■ Goal of the exercise
Search the data for the string "assumes" and extract every line where it appears.

(Records drawn from a dataset)
section \<open>Periodic functions\<close>

lemma periodic2pi_add_int_mult:
  assumes "periodic2pi g"
  shows "g (x + 2 * pi * of_int k) = g x"
proof -
  have nat_mult: "g (y + 2 * pi * real m) = g y" for y m
  proof (induction m)
    case (Suc m)
    have "y + 2 * pi * real (Suc m) = (y + 2 * pi * real m) + 2 * pi"
      by (simp add: algebra_simps)
    then show ?case
      using Suc assms unfolding periodic2pi_def by metis
  qed simp
  show ?thesis
  proof (cases "k \<ge> 0")
    case True
    then show ?thesis using nat_mult[of x "nat k"] by simp
  next
    case False
    then have "x = (x + 2 * pi * of_int k) + 2 * pi * real (nat (- k))" by simp
    then show ?thesis using nat_mult[of "x + 2 * pi * of_int k" "nat (- k)"] by metis
  qed
qed

lemma obtain_period_representative:
  obtains k :: int where "x - 2 * pi * of_int k \<in> {0..<2 * pi}"
proof -
  define k where "k = \<lfloor>x / (2 * pi)\<rfloor>"
  have "of_int k \<le> x / (2 * pi)" "x / (2 * pi) < of_int k + 1"
    unfolding k_def by linarith+
  then have "2 * pi * of_int k \<le> x" "x < 2 * pi * of_int k + 2 * pi"
    by (simp_all add: field_simps)
  then show thesis using that[of k] by auto
qed

lemma periodic2pi_vector_derivative:
  assumes "periodic2pi g" and "\<And>x. (g has_vector_derivative g' x) (at x)"
  shows "periodic2pi g'"
  unfolding periodic2pi_def
proof
  fix x
  have "((\<lambda>y. g (y + 2 * pi)) has_vector_derivative g' (x + 2 * pi)) (at x)"
    using assms(2) by (rule has_vector_derivative_shift)
  then have "(g has_vector_derivative g' (x + 2 * pi)) (at x)"
    using assms(1) by (simp add: periodic2pi_def)
  from vector_derivative_unique_at[OF this assms(2)] show "g' (x + 2 * pi) = g' x" .
qed
(* Fix $d\geq3$ and let $T$ be a subset of $\mathbb{N}_0^d$ whose affine span has dimension $2$. Then the $2$-completion $E_2^\infty(T)$ of $T$ equals $\Lambda(T)\cap\mathbb{N}_0^d$.
   Context: $\mathbb{N}_0=\{0,1,2,\dots\}$. For nonempty $\Gamma\subseteq\mathbb{N}_0^d$, $\Lambda(\Gamma)$ is the coset in $\mathbb{Z}^d$ generated by $\Gamma$ (smallest coset of a subgroup of $\mathbb{Z}^d$ containing $\Gamma$); each $\lambda\in\Lambda(\Gamma)$ can be written $\lambda=\gamma+\sum_{\alpha\in\Gamma,\alpha\neq\gamma}m_{\gamma,\alpha}(\alpha-\gamma)$ with $\gamma\in\Gamma$ and integers $m_{\gamma,\alpha}$, finitely many nonzero. $d(\Gamma,\lambda)$ is the infimum over all such representations of $\max\big(\sum_{m_{\gamma,\alpha}>0}m_{\gamma,\alpha},-\sum_{m_{\gamma,\alpha}<0}m_{\gamma,\alpha}\big)$, and $E_n(\Gamma)=\{\lambda\in\Lambda(\Gamma)\cap\mathbb{N}_0^d:d(\Gamma,\lambda)\leq n\}$. Set $E_n^1(T)=E_n(T)$, $E_n^{k+1}(T)=E_n(E_n^k(T))$, and the $n$-completion $E_n^\infty(T)=\bigcup_{k\geq1}E_n^k(T)$. *)

theory Defs
  imports "HOL-Analysis.Analysis" "HOL-Library.Extended_Nat"
begin

text \<open>Points of Z^d are vectors int^'n (d = CARD('n)); N_0^d is the nonnegative orthant.\<close>

definition N0 :: "(int ^ 'n) set" where
  "N0 = {x. \<forall>i. 0 \<le> x $ i}"

definition is_subgroup :: "(int ^ 'n) set \<Rightarrow> bool" where
  "is_subgroup H \<longleftrightarrow> 0 \<in> H \<and> (\<forall>x\<in>H. \<forall>y\<in>H. x + y \<in> H) \<and> (\<forall>x\<in>H. - x \<in> H)"

definition is_coset :: "(int ^ 'n) set \<Rightarrow> bool" where
  "is_coset C \<longleftrightarrow> (\<exists>a H. is_subgroup H \<and> C = (\<lambda>h. a + h) ` H)"

definition Lam :: "(int ^ 'n) set \<Rightarrow> (int ^ 'n) set" where
  "Lam G = \<Inter> {C. is_coset C \<and> G \<subseteq> C}"

definition is_rep :: "(int ^ 'n) set \<Rightarrow> int ^ 'n \<Rightarrow> int ^ 'n \<Rightarrow> (int ^ 'n \<Rightarrow> int) \<Rightarrow> bool" where
  "is_rep G lam g m \<longleftrightarrow> g \<in> G \<and> finite {a. m a \<noteq> 0} \<and>
     (\<forall>a. m a \<noteq> 0 \<longrightarrow> a \<in> G \<and> a \<noteq> g) \<and>
     lam = g + (\<Sum>a\<in>{a. m a \<noteq> 0}. m a *s (a - g))"

definition rep_cost :: "(int ^ 'n \<Rightarrow> int) \<Rightarrow> nat" where
  "rep_cost m = nat (max (\<Sum>a\<in>{a. m a \<noteq> 0}. max (m a) 0) (- (\<Sum>a\<in>{a. m a \<noteq> 0}. min (m a) 0)))"

text \<open>d(Gamma, lambda) as an infimum in enat (infinity if no representation exists).\<close>
definition dist_G :: "(int ^ 'n) set \<Rightarrow> int ^ 'n \<Rightarrow> enat" where
  "dist_G G lam = Inf {enat (rep_cost m) | g m. is_rep G lam g m}"

definition E :: "nat \<Rightarrow> (int ^ 'n) set \<Rightarrow> (int ^ 'n) set" where
  "E n G = {lam \<in> Lam G \<inter> N0. dist_G G lam \<le> enat n}"

definition completion :: "nat \<Rightarrow> (int ^ 'n) set \<Rightarrow> (int ^ 'n) set" where
  "completion n T = (\<Union>k\<in>{1..}. (E n ^^ k) T)"

definition to_real :: "int ^ 'n \<Rightarrow> real ^ 'n" where
  "to_real x = (\<chi> i. real_of_int (x $ i))"

end

theory Submission
  imports Defs
begin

■ Worked solution
  assumes "periodic2pi g"
  assumes "periodic2pi g" and "\<And>x. (g has_vector_derivative g' x) (at x)"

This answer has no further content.